All University courses are designed on the assumption that you will study an average of 10 hours for each credit point. The independent study time should be time you spend in reading round the subject, carrying out preparatory work, preparing assignments, and preparing for examinations.
There is a split between coursework and examinations. For most module assessments it is 25% Coursework 75% examination. Several modules such as design and computer applications such as CAD are assessed as 100% coursework.
The content for each course is summarised on the relevant course page, along with an overview of the modules that make up the course.

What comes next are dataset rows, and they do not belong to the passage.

(* Let $p$ be even, let $\mathcal{C}_0$ be a fixed two-sided $p$-periodic CMV matrix, and let $1\le q\le\infty$. There is a constant $C$ such that for any sequence of Verblunsky coefficients $\alpha=\{\alpha_n\}$, $$e^{-p}\bigl\|\tilde d_m(\alpha,\mathcal{T}_{\mathcal{C}_0})\bigr\|_{\ell^q}\le\bigl\|d_m(\alpha,\mathcal{T}_{\mathcal{C}_0})\bigr\|_{\ell^q}\le C\bigl\|\tilde d_m(\alpha,\mathcal{T}_{\mathcal{C}_0})\bigr\|_{\ell^q}.$$
   Context: Verblunsky coefficients are complex numbers $\alpha_n\in\mathbb{D}$. For $\alpha\in\mathbb{D}$, $\rho=(1-|\alpha|^2)^{1/2}$. A two-sided $p$-periodic CMV matrix $\mathcal{C}_0$ is determined by a $p$-periodic sequence $\{\alpha^{(0)}_n\}_{n\in\mathbb{Z}}\subset\mathbb{D}$; its discriminant is $\Delta_{\mathcal{C}_0}(z)=\mathrm{Tr}(z^{-p/2}M_{p-1}(z)\cdots M_0(z))$ with $M_n(z)=(\rho^{(0)}_n)^{-1}\begin{pmatrix}z&-\bar\alpha^{(0)}_n\\-\alpha^{(0)}_nz&1\end{pmatrix}$, and the isospectral torus $\mathcal{T}_{\mathcal{C}_0}$ is the set of $p$-periodic sequences in $\mathbb{D}$ with the same discriminant. $d_m(\alpha,\alpha')=\sum_{k=0}^\infty e^{-k}|\alpha_{m+k}-\alpha'_{m+k}|$ and $\tilde d_m(\alpha,\alpha')=\sum_{k=0}^{p}|\alpha_{m+k}-\alpha'_{m+k}|$; distances to $\mathcal{T}_{\mathcal{C}_0}$ are infima over $\alpha'\in\mathcal{T}_{\mathcal{C}_0}$. The $\ell^q$ norms are over $m$. *)

theory Defs
  imports "HOL-Analysis.Analysis"
begin

text \<open>2x2 complex matrices as quadruples (a,b,c,d) = [[a,b],[c,d]].\<close>
type_synonym cmat2 = "complex \<times> complex \<times> complex \<times> complex"

definition mat2_mult :: "cmat2 \<Rightarrow> cmat2 \<Rightarrow> cmat2" where
  "mat2_mult A B = (case A of (a,b,c,d) \<Rightarrow> case B of (e,f,g,h) \<Rightarrow>
     (a*e + b*g, a*f + b*h, c*e + d*g, c*f + d*h))"

definition mat2_trace :: "cmat2 \<Rightarrow> complex" where
  "mat2_trace A = (case A of (a,b,c,d) \<Rightarrow> a + d)"

definition mat2_scale :: "complex \<Rightarrow> cmat2 \<Rightarrow> cmat2" where
  "mat2_scale s A = (case A of (a,b,c,d) \<Rightarrow> (s*a, s*b, s*c, s*d))"

definition rho :: "complex \<Rightarrow> real" where
  "rho a = sqrt (1 - (cmod a)^2)"

definition szego_mat :: "(int \<Rightarrow> complex) \<Rightarrow> nat \<Rightarrow> complex \<Rightarrow> cmat2" where
  "szego_mat al n z = mat2_scale (complex_of_real (1 / rho (al (int n))))
      (z, - cnj (al (int n)), - al (int n) * z, 1)"

fun transfer :: "(int \<Rightarrow> complex) \<Rightarrow> nat \<Rightarrow> complex \<Rightarrow> cmat2" where
  "transfer al 0 z = (1, 0, 0, 1)"
| "transfer al (Suc n) z = mat2_mult (szego_mat al n z) (transfer al n z)"

definition discriminant :: "nat \<Rightarrow> (int \<Rightarrow> complex) \<Rightarrow> complex \<Rightarrow> complex" where
  "discriminant p al z = mat2_trace (mat2_scale (z powi (- int (p div 2))) (transfer al p z))"

definition periodic_verblunsky :: "nat \<Rightarrow> (int \<Rightarrow> complex) \<Rightarrow> bool" where
  "periodic_verblunsky p al \<longleftrightarrow> (\<forall>n. al (n + int p) = al n) \<and> (\<forall>n. cmod (al n) < 1)"

definition iso_torus :: "nat \<Rightarrow> (int \<Rightarrow> complex) \<Rightarrow> (int \<Rightarrow> complex) set" where
  "iso_torus p al0 = {al. periodic_verblunsky p al \<and>
      (\<forall>z. z \<noteq> 0 \<longrightarrow> discriminant p al z = discriminant p al0 z)}"

definition dm :: "nat \<Rightarrow> (nat \<Rightarrow> complex) \<Rightarrow> (int \<Rightarrow> complex) \<Rightarrow> real" where
  "dm m a a' = (\<Sum>k. exp (- real k) * cmod (a (m + k) - a' (int (m + k))))"

definition dm_tilde :: "nat \<Rightarrow> nat \<Rightarrow> (nat \<Rightarrow> complex) \<Rightarrow> (int \<Rightarrow> complex) \<Rightarrow> real" where
  "dm_tilde p m a a' = (\<Sum>k\<le>p. cmod (a (m + k) - a' (int (m + k))))"

definition dist_torus :: "nat \<Rightarrow> (int \<Rightarrow> complex) \<Rightarrow> nat \<Rightarrow> (nat \<Rightarrow> complex) \<Rightarrow> real" where
  "dist_torus p al0 m a = (INF a'\<in>iso_torus p al0. dm m a a')"

definition dist_torus_tilde :: "nat \<Rightarrow> (int \<Rightarrow> complex) \<Rightarrow> nat \<Rightarrow> (nat \<Rightarrow> complex) \<Rightarrow> real" where
  "dist_torus_tilde p al0 m a = (INF a'\<in>iso_torus p al0. dm_tilde p m a a')"

definition lq_norm :: "ereal \<Rightarrow> (nat \<Rightarrow> real) \<Rightarrow> ennreal" where
  "lq_norm q f = (if q = \<infinity> then (SUP m. ennreal \<bar>f m\<bar>)
     else (let r = real_of_ereal q in
       if summable (\<lambda>m. \<bar>f m\<bar> powr r)
       then ennreal ((\<Sum>m. \<bar>f m\<bar> powr r) powr (1 / r)) else top))"

end

theory Submission
  imports Defs
begin

(* The lower bound holds termwise: on the window k <= p the weight e^{-k} is at least e^{-p}.
   For the upper bound choose, for every n, a point b_n of the torus that nearly realises
   d~_n(alpha). Consecutive approximants b_n and b_{n+1} are both close to alpha on the p sites
   n+1, ..., n+p; being p-periodic they are then close everywhere, and telescoping gives
   |alpha_{m+k} - b_m(m+k)| <= 2 (d~_m + ... + d~_{m+k}) up to epsilon. Splitting
   e^{-k} = c^k c^k with c = e^{-1/2} bounds d_m by 2/(1-c) times the geometric tail
   sum_i c^i d~_{m+i}, and this convolution with a summable kernel is bounded on l^q
   (by Jensen's inequality when q is finite). Only the periodicity of the points of the torus
   enters. *)

section \<open>Jensen's inequality for powers\<close>

lemma powr_convex_nonneg:
  fixes r :: real
  assumes "r \<ge> 1"
  shows "convex_on {0..} (\<lambda>x. x powr r)"
proof (rule convex_onI)
  fix t x y :: real
  assume t: "0 < t" "t < 1" and xy: "x \<in> {0..}" "y \<in> {0..}"
  have shrink: "s powr r * z \<le> s * z" if "0 \<le> s" "s \<le> 1" "0 \<le> z" for s z :: real
    using powr_mono'[of 1 r s] that assms by (intro mult_right_mono) auto
  show "((1 - t) *\<^sub>R x + t *\<^sub>R y) powr r \<le> (1 - t) * x powr r + t * y powr r"
  proof (cases "x = 0 \<or> y = 0")
    case True
    then show ?thesis
      using shrink[of t "y powr r"] shrink[of "1 - t" "x powr r"] t xy assms
      by (auto simp: powr_mult)
  next
    case False
    then show ?thesis
      using convex_onD[OF powr_convex[OF assms], of t x y] t xy by auto
  qed
qed simp

lemma weighted_sum_powr_le:
  fixes w x :: "'i \<Rightarrow> real" and r :: real
  assumes "finite A" and r: "r \<ge> 1"
    and w: "\<And>i. i \<in> A \<Longrightarrow> 0 \<le> w i" and x: "\<And>i. i \<in> A \<Longrightarrow> 0 \<le> x i"
  shows "(\<Sum>i\<in>A. w i * x i) powr r \<le> (\<Sum>i\<in>A. w i) powr (r - 1) * (\<Sum>i\<in>A. w i * x i powr r)"
proof (cases "(\<Sum>i\<in>A. w i) = 0")
  case True
  then have "\<forall>i\<in>A. w i = 0"
    using w sum_nonneg_eq_0_iff[OF \<open>finite A\<close>] by blast
  then show ?thesis using r by simp
next
  case False
  define W where "W = (\<Sum>i\<in>A. w i)"
  have W: "W > 0"
    using False w unfolding W_def by (simp add: order_less_le sum_nonneg)
  have "(\<Sum>i\<in>A. (w i / W) *\<^sub>R x i) powr r \<le> (\<Sum>i\<in>A. (w i / W) * x i powr r)"
    using False w x W \<open>finite A\<close>
    by (intro convex_on_sum[OF _ _ powr_convex_nonneg[OF r]])
       (auto simp: W_def sum_divide_distrib[symmetric])
  then have "(\<Sum>i\<in>A. w i * x i) powr r / W powr r \<le> (\<Sum>i\<in>A. w i * x i powr r) / W"
    using W w x by (simp add: sum_divide_distrib[symmetric] powr_divide sum_nonneg)
  then have "(\<Sum>i\<in>A. w i * x i) powr r \<le> W powr r / W * (\<Sum>i\<in>A. w i * x i powr r)"
    using W by (simp add: divide_le_eq field_simps)
  then show ?thesis
    using W by (simp add: W_def powr_diff)
qed

lemma weighted_suminf_powr_le:
  fixes w x :: "nat \<Rightarrow> real" and r :: real
  assumes r: "r \<ge> 1" and w: "\<And>i. 0 \<le> w i" and x: "\<And>i. 0 \<le> x i"
    and "summable w" "summable (\<lambda>i. w i * x i)" "summable (\<lambda>i. w i * x i powr r)"
  shows "(\<Sum>i. w i * x i) powr r \<le> (\<Sum>i. w i) powr (r - 1) * (\<Sum>i. w i * x i powr r)"
proof (rule LIMSEQ_le_const2)
  show "(\<lambda>N. (\<Sum>i<N. w i * x i) powr r) \<longlonglongrightarrow> (\<Sum>i. w i * x i) powr r"
    using assms by (intro tendsto_powr' summable_LIMSEQ) (auto intro!: sum_nonneg always_eventually)
  have "(\<Sum>i<N. w i * x i) powr r \<le> (\<Sum>i. w i) powr (r - 1) * (\<Sum>i. w i * x i powr r)" for N
  proof -
    have "(\<Sum>i<N. w i * x i) powr r \<le> (\<Sum>i<N. w i) powr (r - 1) * (\<Sum>i<N. w i * x i powr r)"
      using assms by (intro weighted_sum_powr_le) auto
    also have "\<dots> \<le> (\<Sum>i. w i) powr (r - 1) * (\<Sum>i. w i * x i powr r)"
      using assms by (intro mult_mono powr_mono2 sum_le_suminf) (auto intro!: sum_nonneg suminf_nonneg)
    finally show ?thesis .
  qed
  then show "\<exists>N. \<forall>n\<ge>N. (\<Sum>i<n. w i * x i) powr r \<le> (\<Sum>i. w i) powr (r - 1) * (\<Sum>i. w i * x i powr r)"
    by blast
qed

lemma sum_shifted_suminf_le:
  fixes w x :: "nat \<Rightarrow> real"
  assumes w: "\<And>i. 0 \<le> w i" "summable w" and x: "\<And>n. 0 \<le> x n" "summable x"
  shows "(\<Sum>m<M. \<Sum>i. w i * x (m + i)) \<le> (\<Sum>i. w i) * (\<Sum>n. x n)"
proof -
  have shifted_le: "(\<Sum>m<M. x (m + i)) \<le> (\<Sum>n. x n)" for i
  proof -
    have "(\<Sum>m<M. x (m + i)) = (\<Sum>n\<in>(\<lambda>m. m + i) ` {..<M}. x n)"
      by (simp add: sum.reindex)
    also have "\<dots> \<le> (\<Sum>n<M + i. x n)"
      using x by (intro sum_mono2) auto
    also have "\<dots> \<le> (\<Sum>n. x n)"
      using x by (intro sum_le_suminf) auto
    finally show ?thesis .
  qed
  have x_le: "x n \<le> (\<Sum>n. x n)" for n
    using sum_le_suminf[OF x(2), of "{n}"] x by simp
  have summable_terms: "summable (\<lambda>i. w i * x (m + i))" for m
    using w x x_le
    by (intro summable_comparison_test'[OF summable_mult2[OF w(2), of "\<Sum>n. x n"]])
       (auto intro: mult_left_mono)
  have "(\<Sum>m<M. \<Sum>i. w i * x (m + i)) = (\<Sum>i. \<Sum>m<M. w i * x (m + i))"
    using summable_terms by (intro suminf_sum[symmetric]) auto
  also have "\<dots> \<le> (\<Sum>i. w i * (\<Sum>n. x n))"
    using w shifted_le summable_terms
    by (intro suminf_le summable_sum summable_mult2)
       (auto simp: sum_distrib_left[symmetric] intro: mult_left_mono)
  also have "\<dots> = (\<Sum>i. w i) * (\<Sum>n. x n)"
    using w(2) by (rule suminf_mult2[symmetric])
  finally show ?thesis .
qed

section \<open>Geometric tails in l^q\<close>

lemma lq_norm_le_scaled:
  fixes f g :: "nat \<Rightarrow> real" and l :: real
  assumes q: "1 \<le> q" and l: "0 < l" and fg: "\<And>m. \<bar>f m\<bar> \<le> l * \<bar>g m\<bar>"
  shows "lq_norm q f \<le> ennreal l * lq_norm q g"
proof (cases q)
  case PInf
  have "ennreal \<bar>f m\<bar> \<le> ennreal l * (SUP m. ennreal \<bar>g m\<bar>)" for m
  proof -
    have "ennreal \<bar>f m\<bar> \<le> ennreal l * ennreal \<bar>g m\<bar>"
      using fg l by (simp add: ennreal_mult[symmetric] ennreal_leI)
    also have "\<dots> \<le> ennreal l * (SUP m. ennreal \<bar>g m\<bar>)"
      by (intro mult_left_mono SUP_upper) auto
    finally show ?thesis .
  qed
  then show ?thesis
    using PInf by (simp add: lq_norm_def SUP_least)
next
  case (real r)
  with q have r: "1 \<le> r" by simp
  show ?thesis
  proof (cases "summable (\<lambda>m. \<bar>g m\<bar> powr r)")
    case False
    then show ?thesis
      using real l by (simp add: lq_norm_def ennreal_mult_top)
  next
    case True
    have f_le: "\<bar>f m\<bar> powr r \<le> l powr r * \<bar>g m\<bar> powr r" for m
      using fg[of m] r l by (simp add: powr_mult[symmetric] powr_mono2)
    have summable_f: "summable (\<lambda>m. \<bar>f m\<bar> powr r)"
      using f_le by (intro summable_comparison_test'[OF summable_mult[OF True]]) auto
    have "(\<Sum>m. \<bar>f m\<bar> powr r) \<le> l powr r * (\<Sum>m. \<bar>g m\<bar> powr r)"
      using suminf_le[OF f_le summable_f summable_mult[OF True]] suminf_mult[OF True] by simp
    then have "(\<Sum>m. \<bar>f m\<bar> powr r) powr (1 / r) \<le> (l powr r * (\<Sum>m. \<bar>g m\<bar> powr r)) powr (1 / r)"
      using r summable_f by (intro powr_mono2) (auto intro: suminf_nonneg)
    also have "\<dots> = l * (\<Sum>m. \<bar>g m\<bar> powr r) powr (1 / r)"
      using l r True by (simp add: powr_mult powr_powr suminf_nonneg)
    finally show ?thesis
      using real True summable_f l by (simp add: lq_norm_def ennreal_mult[symmetric] ennreal_leI)
  qed
qed (use q in simp)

Each course is approved by the University and meets the expectations of:
As part of your course induction, you will be provided with details of the organisation and management of the course, including attendance and assessment requirements - usually in the form of a timetable. For full-time courses, the precise timetable for each semester is not confirmed until near the start date and may be subject to change in the early weeks as all courses settle into their planned patterns. For part-time courses which require attendance on particular days and times, an expectation of the days of attendance will often be included in the letter of offer. A course handbook is also made available.
Courses comprise modules for which the notional effort involved is indicated by its credit rating. Each credit point represents 10 hours of student effort. Undergraduate courses typically contain 10- or 20-credit modules and postgraduate course typically 15- or 30-credit modules.
The normal study load expectation for an undergraduate full-time course of study in the standard academic year is 120 credit points. This amounts to around 36-42 hours of expected teaching and learning per week, inclusive of attendance requirements for lectures, seminars, tutorials, practical work, fieldwork or other scheduled classes, private study, and assessment. Part-time study load is the same as full-time pro-rata, with each credit point representing 10 hours of student effort.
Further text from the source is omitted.